BANDA ACEH | ACEHKITA.COM — Pemerintah Pusat didesak segera membentuk Pengadilan HAM (Hak Asasi Manusia) dan Komisi Kebenaran dan Rekonsiliasi (KKR), sebagaimana diamanahkan Undang-Undang Nomor 11 tahun 2006 tentang Pemerintah Aceh.
“Ini penting bagi Pemerintah Indonesia untuk memperlihatkan penghormatannya kepada Hak Asasi Manusia,” kata Saifuddin Bantasyam, Pengamat Hukum dan HAM, dalam Diskusi Meretas Jalan Perjuangan Keluarga Korban Penculikan Konflik Aceh, di Asrama Haji, Banda Aceh, Selasa, (13/10).
Dalam UU PA tahun 2006, pembentukan pengadilan HAM diamanahkan harus terbentuk setahun setelah pengesahan. “Namun sudah tiga tahun setengah disahkan, Pengadilan HAM dan KKR tak terlihat wujudnya,” ujar dia.
Menurutnya, pembentukan Pengadilan HAM dan KKR di Aceh, selain untuk memberi rasa keadilan bagi masyarakat korban di tanah rencong, juga bagian dari menegakkan HAM di Indonesia.
Sejak orde baru hingga orde reformasi, pelanggaran HAM banyak terjadi di Indonesia.

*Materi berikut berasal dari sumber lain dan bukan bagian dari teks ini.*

lemma equable_eisenstein_congruent_cases:
  assumes "A \<in> eisenstein_lattice" "B \<in> eisenstein_lattice" "C \<in> eisenstein_lattice"
    and "equable A B C"
  shows "congruent_tri A B C (8 + 4 * eis_omega) (4 + 8 * eis_omega) 0
    \<or> congruent_tri A B C (6 + 3 * eis_omega) (8 + 16 * eis_omega) 0"
proof -
  let ?Q = "\<lambda>A B C. congruent_tri A B C (8 + 4 * eis_omega) (4 + 8 * eis_omega) 0
    \<or> congruent_tri A B C (6 + 3 * eis_omega) (8 + 16 * eis_omega) 0"
  let ?P = "\<lambda>A B C. A \<in> eisenstein_lattice \<and> B \<in> eisenstein_lattice \<and> C \<in> eisenstein_lattice
    \<and> equable A B C \<longrightarrow> ?Q A B C"
  have "?P A B C"
  proof (rule triangle_wlog_sorted_sides[where P = ?P])
    show "?P B C A" if "?P A B C" for A B C
    proof
      assume "B \<in> eisenstein_lattice \<and> C \<in> eisenstein_lattice \<and> A \<in> eisenstein_lattice
        \<and> equable B C A"
      then have "?Q A B C" using that equable_rotate by blast
      moreover have "{A, B, C} = {B, C, A}" by auto
      ultimately show "?Q B C A" using congruent_tri_vertex_sets by blast
    qed
    show "?P B A C" if "?P A B C" for A B C
    proof
      assume "B \<in> eisenstein_lattice \<and> A \<in> eisenstein_lattice \<and> C \<in> eisenstein_lattice
        \<and> equable B A C"
      then have "?Q A B C" using that equable_swap by blast
      moreover have "{A, B, C} = {B, A, C}" by auto
      ultimately show "?Q B A C" using congruent_tri_vertex_sets by blast
    qed
    show "?P A B C" if "dist B C \<le> dist C A" "dist C A \<le> dist A B" for A B C
      using equable_eisenstein_congruent_cases_sorted that by blast
  qed
  then show ?thesis using assms by blast
qed
definition complete_minus_biclique :: "'a set \<Rightarrow> 'a set \<Rightarrow> 'a set \<Rightarrow> 'a \<Rightarrow> 'a \<Rightarrow> bool" where
  "complete_minus_biclique V A B u v \<longleftrightarrow> u \<in> V \<and> v \<in> V \<and> u \<noteq> v
     \<and> \<not> (u \<in> A \<and> v \<in> B) \<and> \<not> (u \<in> B \<and> v \<in> A)"

context
  fixes V A B :: "'a set" and g :: nat
  assumes fin: "finite V" and AV: "A \<subseteq> V" and BV: "B \<subseteq> V" and AB: "A \<inter> B = {}"
    and rest: "V - A - B \<noteq> {}" and cardA: "g + 1 \<le> card A" and cardB: "g + 1 \<le> card B"
begin

private lemma universal:
  assumes "c \<in> V - A - B" and "x \<in> V" and "x \<noteq> c"
  shows "complete_minus_biclique V A B x c \<and> complete_minus_biclique V A B c x"
  using assms unfolding complete_minus_biclique_def by auto

lemma connected_graph_complete_minus_biclique:
  "connected_graph V (complete_minus_biclique V A B)"
proof -
  obtain c where "c \<in> V - A - B"
    using rest by blast
  then have "connected_on (complete_minus_biclique V A B) V"
    using universal by (intro connected_on_if_universal_vertex[of c]) auto
  moreover have "simple_graph V (complete_minus_biclique V A B)"
    using fin unfolding simple_graph_def complete_minus_biclique_def by auto
  ultimately show ?thesis
    unfolding connected_graph_def by blast
qed

private lemma card_nbhd_ge:
  assumes "X \<in> {A, B}" and "v \<in> X"
  shows "g \<le> card (nbhd V (complete_minus_biclique V A B) v \<inter> (A \<union> B))"
proof -
  have "X - {v} \<subseteq> nbhd V (complete_minus_biclique V A B) v \<inter> (A \<union> B)"
    using assms AV BV AB unfolding nbhd_def complete_minus_biclique_def by auto
  then have "card (X - {v}) \<le> card (nbhd V (complete_minus_biclique V A B) v \<inter> (A \<union> B))"
    using fin by (intro card_mono) (auto simp: nbhd_def)
  moreover have "finite X"
    using assms(1) AV BV fin finite_subset by blast
  ultimately show ?thesis
    using assms cardA cardB by auto
qed

private lemma reachable_from_A_in_A:
  assumes "(\<lambda>x y. complete_minus_biclique V A B x y \<and> x \<in> A \<union> B \<and> y \<in> A \<union> B)\<^sup>*\<^sup>* a y"
    and "a \<in> A"
  shows "y \<in> A"
  using assms by induction (auto simp: complete_minus_biclique_def)

lemma good_neighbor_cut_complete_minus_biclique:
  "good_neighbor_cut V (complete_minus_biclique V A B) g (V - A - B)"
proof -
  have remaining: "V - (V - A - B) = A \<union> B"
    using AV BV by blast
  obtain a b where "a \<in> A" "b \<in> B"
    using cardA cardB by fastforce
  then have "\<not> (\<lambda>x y. complete_minus_biclique V A B x y \<and> x \<in> A \<union> B \<and> y \<in> A \<union> B)\<^sup>*\<^sup>* a b"
    using reachable_from_A_in_A AB by blast
  then have "\<not> connected_on (complete_minus_biclique V A B) (A \<union> B)"
    unfolding connected_on_def using \<open>a \<in> A\<close> \<open>b \<in> B\<close> by blast
  moreover have "\<forall>v \<in> A \<union> B. g \<le> card (nbhd V (complete_minus_biclique V A B) v \<inter> (A \<union> B))"
    using card_nbhd_ge by blast
  ultimately show ?thesis
    unfolding good_neighbor_cut_def good_neighbor_faulty_def remaining
    using \<open>a \<in> A\<close> by blast
qed

lemma gn_connectivity_complete_minus_biclique:
  "gn_connectivity V (complete_minus_biclique V A B) g = card (V - A - B)"
proof (rule gn_connectivity_eqI[OF good_neighbor_cut_complete_minus_biclique])
  fix F assume cut: "good_neighbor_cut V (complete_minus_biclique V A B) g F"
  have "V - A - B \<subseteq> F"
  proof
    fix c assume "c \<in> V - A - B"
    then show "c \<in> F"
      using universal by (intro universal_vertex_mem_cut[OF cut]) auto
  qed
  moreover have "F \<subseteq> V"
    using cut unfolding good_neighbor_cut_def good_neighbor_faulty_def by blast
  ultimately show "card (V - A - B) \<le> card F"
    using fin by (meson card_mono finite_subset)
qed

end

lemma gn_connectivity_realizable:
  assumes "1 \<le> k" and "k + 2 * g + 2 \<le> N"
  shows "\<exists>E. connected_graph {..<N} E \<and> (\<exists>F. good_neighbor_cut {..<N} E g F)
    \<and> gn_connectivity {..<N} E g = k"
proof -
  define A B where "A = {k..<k + g + 1}" and "B = {k + g + 1..<N}"
  have rest: "{..<N} - A - B = {..<k}"
    using assms unfolding A_def B_def by auto
  have "A \<subseteq> {..<N}" "B \<subseteq> {..<N}" "A \<inter> B = {}" "{..<N} - A - B \<noteq> {}"
    "g + 1 \<le> card A" "g + 1 \<le> card B"
    using assms unfolding rest unfolding A_def B_def by (auto simp: lessThan_empty_iff)
  note graph_facts = finite_lessThan this
  have "connected_graph {..<N} (complete_minus_biclique {..<N} A B)"
    and "good_neighbor_cut {..<N} (complete_minus_biclique {..<N} A B) g {..<k}"
    and "gn_connectivity {..<N} (complete_minus_biclique {..<N} A B) g = k"
    using connected_graph_complete_minus_biclique[OF graph_facts]
      good_neighbor_cut_complete_minus_biclique[OF graph_facts]
      gn_connectivity_complete_minus_biclique[OF graph_facts]
    unfolding rest by simp_all
  then show ?thesis
    by blast
qed

theorem corollary2p1:
  fixes n g :: int
  assumes "0 \<le> g" and "g \<le> (n - 3) div 2"
  shows "(\<forall>(V :: 'a set) E. connected_graph V E \<and> int (card V) = n \<and>
            (\<exists>F. good_neighbor_cut V E (nat g) F) \<longrightarrow>
            1 \<le> int (gn_connectivity V E (nat g)) \<and>
            int (gn_connectivity V E (nat g)) \<le> n - 2 * g - 2)
       \<and> (\<exists>(V :: nat set) E. connected_graph V E \<and> int (card V) = n \<and>
            (\<exists>F. good_neighbor_cut V E (nat g) F) \<and> gn_connectivity V E (nat g) = 1)
       \<and> (\<exists>(V :: nat set) E. connected_graph V E \<and> int (card V) = n \<and>
            (\<exists>F. good_neighbor_cut V E (nat g) F) \<and>
            int (gn_connectivity V E (nat g)) = n - 2 * g - 2)"
proof -
  define N where "N = nat n"
  have g: "g = int (nat g)" and n: "n = int N" and room: "2 * nat g + 3 \<le> N"
    using assms unfolding N_def by linarith+
  have "1 \<le> int (gn_connectivity V E (nat g)) \<and> int (gn_connectivity V E (nat g)) \<le> n - 2 * g - 2"
    if "connected_graph V E" "int (card V) = n" "\<exists>F. good_neighbor_cut V E (nat g) F"
    for V :: "'a set" and E
    using gn_connectivity_bounds[OF that(1,3)] that(2) g by linarith
  moreover obtain E1 where "connected_graph {..<N} E1" "\<exists>F. good_neighbor_cut {..<N} E1 (nat g) F"
    "gn_connectivity {..<N} E1 (nat g) = 1"
    using gn_connectivity_realizable[of 1 "nat g" N] room by auto
  moreover obtain E2 where "connected_graph {..<N} E2" "\<exists>F. good_neighbor_cut {..<N} E2 (nat g) F"
    "gn_connectivity {..<N} E2 (nat g) = N - 2 * nat g - 2"
  proof -
    have "1 \<le> N - 2 * nat g - 2" and "(N - 2 * nat g - 2) + 2 * nat g + 2 \<le> N"
      using room by linarith+
    then show thesis
      using gn_connectivity_realizable that by blast
  qed
  moreover have "int (N - 2 * nat g - 2) = n - 2 * g - 2"
    using n g room by linarith
  ultimately show ?thesis
    using n by (intro conjI exI[of _ "{..<N}"]) auto
qed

Di Aceh sendiri, yang banyak terjadi pada periode 1989 sampai 2003 dan saat Darurat Militer hingga Sipil diberlakukan (2003-2004).
Meski peraturan mengatur HAM sudah lumayan banyak dibuat, tapi pelaku pelanggaran minim yang diadili. “Dalam bidang penindakan ini, Indonesia tak mencatat kemajuan,” ungkap Saifuddin.
Sebelumnya, Gubernur Irwandi Yusuf, pernah menyurati Presiden Susilo Bambang Yudhoyono untuk segera mewujudkan Pengadilan HAM dan KKR di Aceh.
Selain terus minta Gubernur terus mendesak Pemerintah Pusat, Saifuddin juga meminta sejumlah pihak, mendesak Dewan Perwakilan Rakyat Aceh (DPRA) periode 2009-2014 yang didominasi dari Partai Aceh, untuk ikut melakukan hal sama, mewujudkan amanah MoU Helsinki di Aceh.
Asiah Uzia, pekerja KontraS Aceh menambahkan, keluarga korban untuk bersatu memperjuangkan hak keadilannya.
Adi Warsidi, seorang jurnalis yang juga pemateri di acara itu, berharap keluarga korban untuk mendidik anak-anaknya agar tak jadi generasi pendendam, dengan memberi pemahaman tentang agama dan HAM yang cukup. []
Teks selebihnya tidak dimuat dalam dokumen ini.